Darrell - sorry for your loss. 

Wes


----------



## tomhocars (Oct 19, 2005)

Darrell,Sorry about your Mom.


----------



## Dyno Dom (May 26, 2007)

Condolences to Darrell, his Family and Friends, my Mom passed this year on 4/19. 
Remembrance and thoughts of close & good times help, God bless.


----------



## rodstrguy (Feb 14, 2002)

condolences to all... It is hard to loose the person that is a large an influence in your life a that a parent is.


----------



## swamibob (Jan 20, 2009)

My condolences to you and your family Darrell. I, like a lot of us have been there also. 

Tom


----------



## 65 Wagonaire (Nov 27, 2013)

So sorry Darrell.


----------



## mittens29 (Jul 25, 2010)

*Sad News*

We are all very sad to hear about your Mom, I too know how special Moms are.
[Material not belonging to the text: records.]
lemma invariant_Xset_iff_nonneg_error_dynamics:
  assumes mats: "A \<in> carrier_mat n n" "F \<in> carrier_mat n n" "G \<in> carrier_mat n n"
      "P \<in> carrier_mat n n" "Q \<in> carrier_mat n n"
  shows "invariant_under (observer_loop n A F G P Q) (Xset n) \<longleftrightarrow> nonneg_mat (error_dynamics n A F G P Q)"
proof -
  let ?M = "observer_loop n A F G P Q" and ?N = "error_dynamics n A F G P Q"
    and ?T = "estimate_coords n" and ?S = "error_coords n"
  have T: "?T \<in> carrier_mat (3 * n) (3 * n)" and S: "?S \<in> carrier_mat (3 * n) (3 * n)"
    and M: "?M \<in> carrier_mat (3 * n) (3 * n)" and N: "?N \<in> carrier_mat (3 * n) (3 * n)"
    by (simp_all add: observer_matrices_carrier)
  have ST: "?S *\<^sub>v (?T *\<^sub>v v) = v" and TS: "?T *\<^sub>v (?S *\<^sub>v v) = v"
    if v: "v \<in> carrier_vec (3 * n)" for v
    using assoc_mult_mat_vec[OF S T v] assoc_mult_mat_vec[OF T S v] v
    by (simp_all add: estimate_error_coords_inverse)
  have SM: "?S *\<^sub>v (?M *\<^sub>v z) = ?N *\<^sub>v (?S *\<^sub>v z)" if z: "z \<in> carrier_vec (3 * n)" for z
  proof -
    have Sz: "?S *\<^sub>v z \<in> carrier_vec (3 * n)" using S z by simp
    have "?M *\<^sub>v z = ?M *\<^sub>v (?T *\<^sub>v (?S *\<^sub>v z))" using TS[OF z] by simp
    also have "\<dots> = ?T *\<^sub>v (?N *\<^sub>v (?S *\<^sub>v z))"
      using assoc_mult_mat_vec[OF M T Sz] assoc_mult_mat_vec[OF T N Sz]
      by (simp add: observer_loop_estimate_coords[OF mats])
    finally show ?thesis using ST N Sz by simp
  qed
  have X: "Xset n \<subseteq> carrier_vec (3 * n)" unfolding Xset_error_coords by blast
  have "invariant_under ?M (Xset n) \<longleftrightarrow> (\<forall>z \<in> Xset n. ?M *\<^sub>v z \<in> Xset n)"
    by (rule invariant_under_iff_step[OF M X])
  also have "\<dots> \<longleftrightarrow> (\<forall>v \<in> carrier_vec (3 * n). 0\<^sub>v (3 * n) \<le> v \<longrightarrow> 0\<^sub>v (3 * n) \<le> ?N *\<^sub>v v)"
  proof (intro iffI ballI impI)
    fix v :: "real vec" assume step: "\<forall>z \<in> Xset n. ?M *\<^sub>v z \<in> Xset n"
      and v: "v \<in> carrier_vec (3 * n)" and "0\<^sub>v (3 * n) \<le> v"
    then have "?T *\<^sub>v v \<in> Xset n" using T ST[OF v] by (simp add: Xset_error_coords)
    then have "0\<^sub>v (3 * n) \<le> ?S *\<^sub>v (?M *\<^sub>v (?T *\<^sub>v v))"
      using step by (simp add: Xset_error_coords)
    then show "0\<^sub>v (3 * n) \<le> ?N *\<^sub>v v" using SM ST[OF v] T v by simp
  next
    fix z assume pos: "\<forall>v \<in> carrier_vec (3 * n). 0\<^sub>v (3 * n) \<le> v \<longrightarrow> 0\<^sub>v (3 * n) \<le> ?N *\<^sub>v v"
      and "z \<in> Xset n"
    then have z: "z \<in> carrier_vec (3 * n)" and "0\<^sub>v (3 * n) \<le> ?S *\<^sub>v z"
      by (simp_all add: Xset_error_coords)
    then have "0\<^sub>v (3 * n) \<le> ?S *\<^sub>v (?M *\<^sub>v z)" using pos S SM[OF z] by simp
    then show "?M *\<^sub>v z \<in> Xset n" using M z by (simp add: Xset_error_coords)
  qed
  also have "\<dots> \<longleftrightarrow> nonneg_mat ?N"
    by (rule nonneg_mat_iff_mult_vec[OF N, symmetric])
  finally show ?thesis .
qed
All your family and friends at Park Lane Hobbies are here for you.

Hugs,
JoAnn & Garry


----------



## Joe65SkylarkGS (Feb 15, 2010)

Darrell we are praying for you and your family here. If there's anything we can do just ask. 

Alpink very sorry to hear about ur mom too pal. Our prayers are with you also.


----------



## Franko (Mar 16, 2005)

Sorry for your loss, Good Moms are not to be taken for granted


----------



## vickers83 (Mar 8, 2010)

Sorry to hear of your loss Hondadarrell.


----------



## ZBT Speedway (Jan 2, 2012)

Thoughts and Prayers are with you Swish and your Family :dude:


----------



## glueside (Jul 31, 2010)

Honda - sorry for your loss!


----------



## ajd350 (Sep 18, 2005)

I talked to Darrell and he much appreciates all your support during this rough time.


----------



## Bubba 123 (Sep 10, 2010)

ajd350 said:


> I talked to Darell and he much appreciates all your support during this rough time.


TY
Please keep us updated on "Ol Darrel" 

Bubba 123 :thumbsup:


----------



## 1976Cordoba (Sep 20, 2000)

Sorry to hear this - prayers for his family.


----------



## 65 COMET (Nov 4, 2012)

Sorry for the loss of your Mother Darrell. My prayers to you and your family.


----------



## Gerome (Sep 25, 2011)

My condolences to Honda and family.


----------



## Brian 1811 (Jan 17, 2009)

Sorry to here about your loss Swish.


----------



## FullyLoaded (Apr 19, 2006)

Sorry for your loss. I miss those nights of _Honda_ trying to convert me back to the darkside (slot cars) from my diecast collecting habit, jokingly of course. It was all in fun though since we chatted slot cars and diecast.


----------